The GPUOp constructor sets up the proper contexts which are used subsequently for setting up the vertex and fragment programs and the PBuffer. The destructor de-allocates the PBuffer memory. The compute function loads the appropriate vertex and fragment programs. It also instantiates the necessary PBuffer space and performs the desired computation by rendering a geometric primitive.

The `setArg` function pushes a `blas_data` instance onto a stack for latter use as an input for GPU computations. Figure 7 illustrates this framework for the Vector-Vector operation of adding 2 vectors, `vAdd`.

## 4 Experiments and Results

In this section, we describe the performance benchmarks and analyze the experimental results from their execution on the testbed machine.

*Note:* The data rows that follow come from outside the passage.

lemma dA_eq_if_no_jumps:
  assumes "x \<le> k" "k < F" "\<And>y. x < y \<Longrightarrow> y \<le> k \<Longrightarrow> y \<notin> jumps F S"
  shows "dA S k = dA S x"
  using assms
proof (induction k rule: dec_induct)
  case base
  then show ?case by simp
next
  case (step k)
  then have IH: "dA S k = dA S x" and "Suc k \<notin> jumps F S" by simp_all
  show ?case
  proof (cases "Suc k \<in> S")
    case True
    then have "dA S k dvd Suc k" using \<open>Suc k \<notin> jumps F S\<close> step.prems unfolding jumps_def by auto
    then show ?thesis using dA_mem[OF True] IH by (simp add: gcd_nat.absorb1)
  next
    case False
    then show ?thesis using dA_nonmem[OF False] IH by simp
  qed
qed

lemma jump_exists:
  assumes s: "s \<in> S" "0 < s" "s < F"
  shows "\<exists>x\<in>jumps F S. x \<le> s"
proof -
  define m where "m = (LEAST z. z \<in> S \<and> 0 < z)"
  have m: "m \<in> S" "0 < m" "m \<le> s"
    using LeastI[of "\<lambda>z. z \<in> S \<and> 0 < z" s] Least_le[of "\<lambda>z. z \<in> S \<and> 0 < z" s] s
    unfolding m_def by auto
  have "{z \<in> S. z \<le> m - 1} \<subseteq> {0}"
    using Least_le[of "\<lambda>z. z \<in> S \<and> 0 < z"] m(2) unfolding m_def by force
  then have "dA S (m - 1) = 0" by (simp add: dA_eq_0_iff)
  then have "m \<in> jumps F S" using m s unfolding jumps_def by auto
  then show ?thesis using m by blast
qed

lemma last_jump_below:
  assumes "y \<in> jumps F S" "y \<le> k" "k < F"
  obtains x where "x \<in> jumps F S" "x \<le> k" "dA S k = dA S x"
    "\<And>z. z \<in> jumps F S \<Longrightarrow> z \<le> k \<Longrightarrow> z \<le> x"
proof -
  let ?A = "{z \<in> jumps F S. z \<le> k}"
  have fin: "finite ?A" using jumps_finite by simp
  define x where "x = Max ?A"
  have "x \<in> ?A" unfolding x_def by (rule Max_in[OF fin]) (use assms in auto)
  moreover have last: "\<And>z. z \<in> jumps F S \<Longrightarrow> z \<le> k \<Longrightarrow> z \<le> x"
    unfolding x_def using Max_ge[OF fin] by simp
  moreover have "dA S k = dA S x"
    by (rule dA_eq_if_no_jumps) (use \<open>x \<in> ?A\<close> assms(3) last in force)+
  ultimately show thesis using that by blast
qed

Our BLAS library prototype has been developed on a representative hardware system. The experimental testbed was a 1.8 GHz



Figure 7: Implementation of BLAS vector-vector operation.

Intel Pentium IV workstation with 512 MB of RAM running Windows XP. Its graphics system was a NVIDIA Quadro TI 5800 Ultra with 128 MB DDR SDRAM on an AGP4X bus. The card device driver was NVIDIA 6.14.01.4345. The timing measurements were taken using the reference hardware's high-resolution performance counter. The frequency of the counter is 3579545 ticks per second. As such our timings are of high precision.

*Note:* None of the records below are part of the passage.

(* If the semimetric space $(T,\rho_{2,T})$ is complete, then the semimetric space $(T\times[0,\infty),\rho_2)$ is complete.
   Context: $(U_1(t))_{t\in T}$ is a process with uniform $(0,1)$ margins such that the bivariate tail copulas $R_{s,t}(x,y)=\lim_{u\downarrow0}u^{-1}\mathbb{P}\{U_1(s)\le ux,U_1(t)\le uy\}$ exist for all $s,t\in T$, $x,y\ge0$. $\rho_{2,T}(s,t)=[2\{1-R_{s,t}(1,1)\}]^{1/2}$ on $T$ and $\rho_2((s,x),(t,y))=(x-2R_{s,t}(x,y)+y)^{1/2}$ on $T\times[0,\infty)$. *)

theory Defs
  imports "HOL-Probability.Probability"
begin

definition semimetric_complete :: "'a set \<Rightarrow> ('a \<Rightarrow> 'a \<Rightarrow> real) \<Rightarrow> bool" where
  "semimetric_complete S d \<longleftrightarrow>
     (\<forall>\<sigma>. (\<forall>n. \<sigma> n \<in> S) \<and>
          (\<forall>e>0. \<exists>N. \<forall>m\<ge>N. \<forall>n\<ge>N. d (\<sigma> m) (\<sigma> n) < e)
       \<longrightarrow> (\<exists>z\<in>S. ((\<lambda>n. d (\<sigma> n) z) \<longlonglongrightarrow> 0)))"

definition rho2T :: "('t \<Rightarrow> 't \<Rightarrow> real \<Rightarrow> real \<Rightarrow> real) \<Rightarrow> 't \<Rightarrow> 't \<Rightarrow> real" where
  "rho2T R s t = sqrt (2 * (1 - R s t 1 1))"

definition rho2 :: "('t \<Rightarrow> 't \<Rightarrow> real \<Rightarrow> real \<Rightarrow> real) \<Rightarrow> 't \<times> real \<Rightarrow> 't \<times> real \<Rightarrow> real" where
  "rho2 R p q = sqrt (snd p - 2 * R (fst p) (fst q) (snd p) (snd q) + snd q)"

end

theory Submission
  imports Defs
begin

text \<open>Let D = rho_2^2. From 0 \<le> R_{s,t}(x,y) \<le> min(x,y), R_{s,s}(x,y) = min(x,y), positive
  homogeneity of R_{s,t} and the tail limit of P(A \<inter> B) + P(B \<inter> C) \<le> P(B) + P(A \<inter> C), the function D
  satisfies the triangle inequality, |x - y| \<le> D((s,x),(t,y)), D((s,x),(s,y)) = |x - y|,
  D((s,x),(t,0)) = x and D((s,c),(t,c)) = c rho_{2,T}(s,t)^2.
  Hence the levels x_n of a rho_2-Cauchy sequence (t_n, x_n) converge to some c \<ge> 0. If c = 0, the
  sequence converges to (t, 0) for any t \<in> T. If c > 0, then
  c rho_{2,T}(t_m,t_n)^2 \<le> |x_m - c| + D((t_m,x_m),(t_n,x_n)) + |x_n - c|, so (t_n) is
  rho_{2,T}-Cauchy, and its limit \<tau> gives the limit (\<tau>, c).\<close>

definition semimetric_Cauchy :: "('a \<Rightarrow> 'a \<Rightarrow> real) \<Rightarrow> (nat \<Rightarrow> 'a) \<Rightarrow> bool" where
  "semimetric_Cauchy d \<sigma> \<longleftrightarrow> (\<forall>e>0. \<exists>N. \<forall>m\<ge>N. \<forall>n\<ge>N. d (\<sigma> m) (\<sigma> n) < e)"

lemma semimetric_CauchyI:
  "(\<And>e. e > 0 \<Longrightarrow> \<exists>N. \<forall>m\<ge>N. \<forall>n\<ge>N. d (\<sigma> m) (\<sigma> n) < e) \<Longrightarrow> semimetric_Cauchy d \<sigma>"
  unfolding semimetric_Cauchy_def by blast

lemma semimetric_CauchyD:
  "semimetric_Cauchy d \<sigma> \<Longrightarrow> e > 0 \<Longrightarrow> \<exists>N. \<forall>m\<ge>N. \<forall>n\<ge>N. d (\<sigma> m) (\<sigma> n) < e"
  unfolding semimetric_Cauchy_def by blast

lemma semimetric_completeI:
  assumes "\<And>\<sigma>. (\<And>n. \<sigma> n \<in> S) \<Longrightarrow> semimetric_Cauchy d \<sigma> \<Longrightarrow> \<exists>z\<in>S. (\<lambda>n. d (\<sigma> n) z) \<longlonglongrightarrow> 0"
  shows "semimetric_complete S d"
  using assms unfolding semimetric_complete_def semimetric_Cauchy_def by blast

lemma semimetric_completeD:
  assumes "semimetric_complete S d" "\<And>n. \<sigma> n \<in> S" "semimetric_Cauchy d \<sigma>"
  shows "\<exists>z\<in>S. (\<lambda>n. d (\<sigma> n) z) \<longlonglongrightarrow> 0"
  using assms unfolding semimetric_complete_def semimetric_Cauchy_def by blast

lemma semimetric_Cauchy_sqrt_iff:
  "semimetric_Cauchy (\<lambda>p q. sqrt (d p q)) \<sigma> \<longleftrightarrow> semimetric_Cauchy d \<sigma>"
proof
  assume "semimetric_Cauchy (\<lambda>p q. sqrt (d p q)) \<sigma>"
  then show "semimetric_Cauchy d \<sigma>"
    unfolding semimetric_Cauchy_def by (metis real_sqrt_gt_zero real_sqrt_less_iff)
next
  assume Cauchy: "semimetric_Cauchy d \<sigma>"
  show "semimetric_Cauchy (\<lambda>p q. sqrt (d p q)) \<sigma>"
  proof (rule semimetric_CauchyI)
    fix e :: real assume "e > 0"
    then obtain N where "\<forall>m\<ge>N. \<forall>n\<ge>N. d (\<sigma> m) (\<sigma> n) < e\<^sup>2"
      using semimetric_CauchyD[OF Cauchy, of "e\<^sup>2"] by auto
    with \<open>e > 0\<close> show "\<exists>N. \<forall>m\<ge>N. \<forall>n\<ge>N. sqrt (d (\<sigma> m) (\<sigma> n)) < e"
      by (metis abs_of_pos real_sqrt_abs real_sqrt_less_iff)
  qed
qed

lemma eventually_at_right_0_mult_le_1: "\<forall>\<^sub>F u in at_right 0. 0 < u \<and> u * c \<le> (1::real)"
proof -
  have "\<forall>\<^sub>F u in at_right 0. u \<in> {0<..<1 / (\<bar>c\<bar> + 1)}"
    by (rule eventually_at_right_real) simp
  then show ?thesis
  proof eventually_elim
    case (elim u)
    then have "u * (\<bar>c\<bar> + 1) < 1" by (simp add: field_simps)
    moreover have "u * c \<le> u * (\<bar>c\<bar> + 1)" using elim by (intro mult_left_mono) auto
    ultimately have "u * c \<le> 1" by linarith
    with elim show ?case by simp
  qed
qed

lemma tendsto_divide_at_right_0_le:
  fixes f :: "real \<Rightarrow> real"
  assumes "((\<lambda>u. f u / u) \<longlongrightarrow> L) (at_right 0)" "\<forall>\<^sub>F u in at_right 0. f u \<le> u * b"
  shows "L \<le> b"
proof (rule tendsto_upperbound[OF assms(1) _ trivial_limit_at_right_real])
  show "\<forall>\<^sub>F u in at_right 0. f u / u \<le> b"
    using assms(2) eventually_at_right_0_mult_le_1[of 0]
    by eventually_elim (simp add: divide_le_eq mult.commute)
qed

lemma (in finite_measure) measure_Int_triangle:
  assumes "A \<in> sets M" "B \<in> sets M" "C \<in> sets M"
  shows "measure M (A \<inter> B) + measure M (B \<inter> C) \<le> measure M B + measure M (A \<inter> C)"
proof -
  have "measure M (A \<inter> B) + measure M (B \<inter> C)
      = measure M (A \<inter> B \<union> B \<inter> C) + measure M (A \<inter> B \<inter> (B \<inter> C))"
    using assms by (simp add: measure_Un3 fmeasurable_eq_sets)
  also have "\<dots> \<le> measure M B + measure M (A \<inter> C)"
    using assms by (intro add_mono finite_measure_mono) auto
  finally show ?thesis .
qed

definition rho2_sq :: "('t \<Rightarrow> 't \<Rightarrow> real \<Rightarrow> real \<Rightarrow> real) \<Rightarrow> 't \<times> real \<Rightarrow> 't \<times> real \<Rightarrow> real" where
  "rho2_sq R p q = snd p - 2 * R (fst p) (fst q) (snd p) (snd q) + snd q"

lemma rho2_eq_sqrt_rho2_sq: "rho2 R = (\<lambda>p q. sqrt (rho2_sq R p q))"
  by (simp add: rho2_def rho2_sq_def fun_eq_iff)

locale tail_copula_family =
  fixes T :: "'t set" and R :: "'t \<Rightarrow> 't \<Rightarrow> real \<Rightarrow> real \<Rightarrow> real"
  assumes nonneg: "\<And>s t x y. s \<in> T \<Longrightarrow> t \<in> T \<Longrightarrow> 0 \<le> x \<Longrightarrow> 0 \<le> y \<Longrightarrow> 0 \<le> R s t x y"
    and le_left: "\<And>s t x y. s \<in> T \<Longrightarrow> t \<in> T \<Longrightarrow> 0 \<le> x \<Longrightarrow> 0 \<le> y \<Longrightarrow> R s t x y \<le> x"
    and le_right: "\<And>s t x y. s \<in> T \<Longrightarrow> t \<in> T \<Longrightarrow> 0 \<le> x \<Longrightarrow> 0 \<le> y \<Longrightarrow> R s t x y \<le> y"
    and diagonal: "\<And>s x y. s \<in> T \<Longrightarrow> 0 \<le> x \<Longrightarrow> 0 \<le> y \<Longrightarrow> R s s x y = min x y"
    and homogeneous: "\<And>s t x y c. s \<in> T \<Longrightarrow> t \<in> T \<Longrightarrow> 0 \<le> x \<Longrightarrow> 0 \<le> y \<Longrightarrow> 0 < c \<Longrightarrow>
                        R s t (c * x) (c * y) = c * R s t x y"
    and triangle: "\<And>s t v x y z. s \<in> T \<Longrightarrow> t \<in> T \<Longrightarrow> v \<in> T \<Longrightarrow> 0 \<le> x \<Longrightarrow> 0 \<le> y \<Longrightarrow> 0 \<le> z \<Longrightarrow>
                     R s t x y + R t v y z \<le> y + R s v x z"
begin

lemma abs_diff_le_rho2_sq:
  "p \<in> T \<times> {0..} \<Longrightarrow> q \<in> T \<times> {0..} \<Longrightarrow> \<bar>snd p - snd q\<bar> \<le> rho2_sq R p q"
  using le_left[of "fst p" "fst q" "snd p" "snd q"] le_right[of "fst p" "fst q" "snd p" "snd q"]
  by (auto simp: rho2_sq_def mem_Times_iff)

lemma rho2_sq_same_index: "s \<in> T \<Longrightarrow> 0 \<le> x \<Longrightarrow> 0 \<le> y \<Longrightarrow> rho2_sq R (s, x) (s, y) = \<bar>x - y\<bar>"
  by (simp add: rho2_sq_def diagonal min_def)

lemma rho2_sq_zero_level: "p \<in> T \<times> {0..} \<Longrightarrow> t \<in> T \<Longrightarrow> rho2_sq R p (t, 0) = snd p"
  using nonneg[of "fst p" t "snd p" 0] le_right[of "fst p" t "snd p" 0]
  by (auto simp: rho2_sq_def mem_Times_iff)

lemma rho2_sq_same_level:
  assumes "s \<in> T" "t \<in> T" "0 < c"
  shows "rho2_sq R (s, c) (t, c) = c * (rho2T R s t)\<^sup>2"
proof -
  have "R s t 1 1 \<le> 1" using le_left[OF assms(1,2)] by simp
  moreover have "R s t c c = c * R s t 1 1" using homogeneous[OF assms(1,2), of 1 1 c] assms by simp
  ultimately show ?thesis by (simp add: rho2_sq_def rho2T_def algebra_simps)
qed

lemma rho2_sq_triangle:
  "p \<in> T \<times> {0..} \<Longrightarrow> q \<in> T \<times> {0..} \<Longrightarrow> r \<in> T \<times> {0..} \<Longrightarrow>
    rho2_sq R p r \<le> rho2_sq R p q + rho2_sq R q r"
  using triangle[of "fst p" "fst q" "fst r" "snd p" "snd q" "snd r"]
  by (auto simp: rho2_sq_def mem_Times_iff)

lemma Cauchy_level:
  assumes mem: "\<And>n. \<sigma> n \<in> T \<times> {0..}" and Cauchy: "semimetric_Cauchy (rho2_sq R) \<sigma>"
  shows "Cauchy (\<lambda>n. snd (\<sigma> n))"
proof (rule CauchyI)
  fix e :: real assume "e > 0"
  then obtain N where N: "\<forall>m\<ge>N. \<forall>n\<ge>N. rho2_sq R (\<sigma> m) (\<sigma> n) < e"
    using semimetric_CauchyD[OF Cauchy] by blast
  have "\<bar>snd (\<sigma> m) - snd (\<sigma> n)\<bar> \<le> rho2_sq R (\<sigma> m) (\<sigma> n)" for m n
    using abs_diff_le_rho2_sq mem by blast
  with N show "\<exists>N. \<forall>m\<ge>N. \<forall>n\<ge>N. norm (snd (\<sigma> m) - snd (\<sigma> n)) < e"
    by (metis order.strict_trans1 real_norm_def)
qed

lemma semimetric_Cauchy_index:
  assumes mem: "\<And>n. \<sigma> n \<in> T \<times> {0..}" and Cauchy: "semimetric_Cauchy (rho2_sq R) \<sigma>"
    and level: "(\<lambda>n. snd (\<sigma> n)) \<longlonglongrightarrow> c" and "0 < c"
  shows "semimetric_Cauchy (rho2T R) (\<lambda>n. fst (\<sigma> n))"
proof (rule semimetric_CauchyI)
  fix e :: real assume "e > 0"
  define d where "d = c * e\<^sup>2 / 3"
  have "d > 0" using \<open>e > 0\<close> \<open>0 < c\<close> by (simp add: d_def)
  then obtain N1 where N1: "\<forall>m\<ge>N1. \<forall>n\<ge>N1. rho2_sq R (\<sigma> m) (\<sigma> n) < d"
    using semimetric_CauchyD[OF Cauchy] by blast
  obtain N2 where N2: "\<forall>n\<ge>N2. \<bar>snd (\<sigma> n) - c\<bar> < d"
    using level \<open>d > 0\<close> by (auto simp: LIMSEQ_iff)
  have "rho2T R (fst (\<sigma> m)) (fst (\<sigma> n)) < e" if "m \<ge> max N1 N2" "n \<ge> max N1 N2" for m n
  proof -
    obtain s x t y where m: "\<sigma> m = (s, x)" and n: "\<sigma> n = (t, y)" by fastforce
    have s: "s \<in> T" "0 \<le> x" and t: "t \<in> T" "0 \<le> y" using mem[of m] mem[of n] by (auto simp: m n)
    have "c * (rho2T R s t)\<^sup>2 = rho2_sq R (s, c) (t, c)"
      using rho2_sq_same_level[OF s(1) t(1) \<open>0 < c\<close>] by simp
    also have "\<dots> \<le> rho2_sq R (s, c) (s, x) + rho2_sq R (s, x) (t, c)"
      by (rule rho2_sq_triangle) (use s t \<open>0 < c\<close> in auto)
    also have "rho2_sq R (s, x) (t, c) \<le> rho2_sq R (s, x) (t, y) + rho2_sq R (t, y) (t, c)"
      by (rule rho2_sq_triangle) (use s t \<open>0 < c\<close> in auto)
    also have "rho2_sq R (s, c) (s, x) + (rho2_sq R (s, x) (t, y) + rho2_sq R (t, y) (t, c))
        = \<bar>x - c\<bar> + rho2_sq R (\<sigma> m) (\<sigma> n) + \<bar>y - c\<bar>"
      using rho2_sq_same_index[of s c x] rho2_sq_same_index[of t y c] s t \<open>0 < c\<close>
      by (simp add: m n abs_minus_commute)
    also have "\<dots> < 3 * d"
    proof -
      have "rho2_sq R (\<sigma> m) (\<sigma> n) < d" "\<bar>snd (\<sigma> m) - c\<bar> < d" "\<bar>snd (\<sigma> n) - c\<bar> < d"
        using N1 N2 that by simp_all
      then show ?thesis by (simp add: m n)
    qed
    finally have "(rho2T R s t)\<^sup>2 < e\<^sup>2" using \<open>0 < c\<close> by (simp add: d_def)
    then show ?thesis using \<open>e > 0\<close> m n by (simp add: power2_less_imp_less)
  qed
  then show "\<exists>N. \<forall>m\<ge>N. \<forall>n\<ge>N. rho2T R (fst (\<sigma> m)) (fst (\<sigma> n)) < e" by blast
qed

lemma rho2_sq_tendsto_0:
  assumes mem: "\<And>n. \<sigma> n \<in> T \<times> {0..}" and level: "(\<lambda>n. snd (\<sigma> n)) \<longlonglongrightarrow> c" and "0 < c"
    and "\<tau> \<in> T" and index: "(\<lambda>n. rho2T R (fst (\<sigma> n)) \<tau>) \<longlonglongrightarrow> 0"
  shows "(\<lambda>n. rho2_sq R (\<sigma> n) (\<tau>, c)) \<longlonglongrightarrow> 0"
proof -
  define bound where "bound n = \<bar>snd (\<sigma> n) - c\<bar> + c * (rho2T R (fst (\<sigma> n)) \<tau>)\<^sup>2" for n
  have \<tau>c: "(\<tau>, c) \<in> T \<times> {0..}" using \<open>\<tau> \<in> T\<close> \<open>0 < c\<close> by simp
  have "bound \<longlonglongrightarrow> \<bar>c - c\<bar> + c * 0\<^sup>2"
    unfolding bound_def by (intro tendsto_intros level index)
  then have bound: "bound \<longlonglongrightarrow> 0" by simp
  have lower: "0 \<le> rho2_sq R (\<sigma> n) (\<tau>, c)" for n
    using abs_diff_le_rho2_sq[OF mem \<tau>c, of n] by linarith
  have upper: "rho2_sq R (\<sigma> n) (\<tau>, c) \<le> bound n" for n
  proof -
    obtain s x where n: "\<sigma> n = (s, x)" by fastforce
    have s: "s \<in> T" "0 \<le> x" using mem[of n] by (auto simp: n)
    have "rho2_sq R (s, x) (\<tau>, c) \<le> rho2_sq R (s, x) (s, c) + rho2_sq R (s, c) (\<tau>, c)"
      by (rule rho2_sq_triangle) (use s \<tau>c in auto)
    then show ?thesis
      using rho2_sq_same_index[OF s, of c] rho2_sq_same_level[OF s(1) \<open>\<tau> \<in> T\<close> \<open>0 < c\<close>] \<open>0 < c\<close>
      by (simp add: n bound_def)
  qed
  show ?thesis
    by (rule real_tendsto_sandwich[where f="\<lambda>_. 0" and h=bound]) (simp_all add: lower upper bound)
qed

Figure 8: Execution time for matrix multiplication (8 bit Fixed Point).

### 4.1 Computation Costs

Offloading a computation onto the GPU is associated with certain costs. These costs can be broadly classified as *upload time*, *computation setup time*, *computation time*, and *download time*. For many computations, the input has to be morphed and uploaded onto the video memory as texture objects. We define the cost associated with converting matrices and vectors into textures and uploading them onto the GPU as the upload time. For any computation, the software also has to instantiate and initialize an off-screen rendering context (a PBuffer) for computation. This is referred as the computation setup time. Consequently, the actual time taken to render a scene for a BLAS subroutine computation is known as the computation time. Lastly, the computation results are bound as a texture object. The contents have to be downloaded, and represented in some form for further processing. The associated cost to this is ref-

ered as the download time. Hence the total computation time in this step is the sum of all these four components.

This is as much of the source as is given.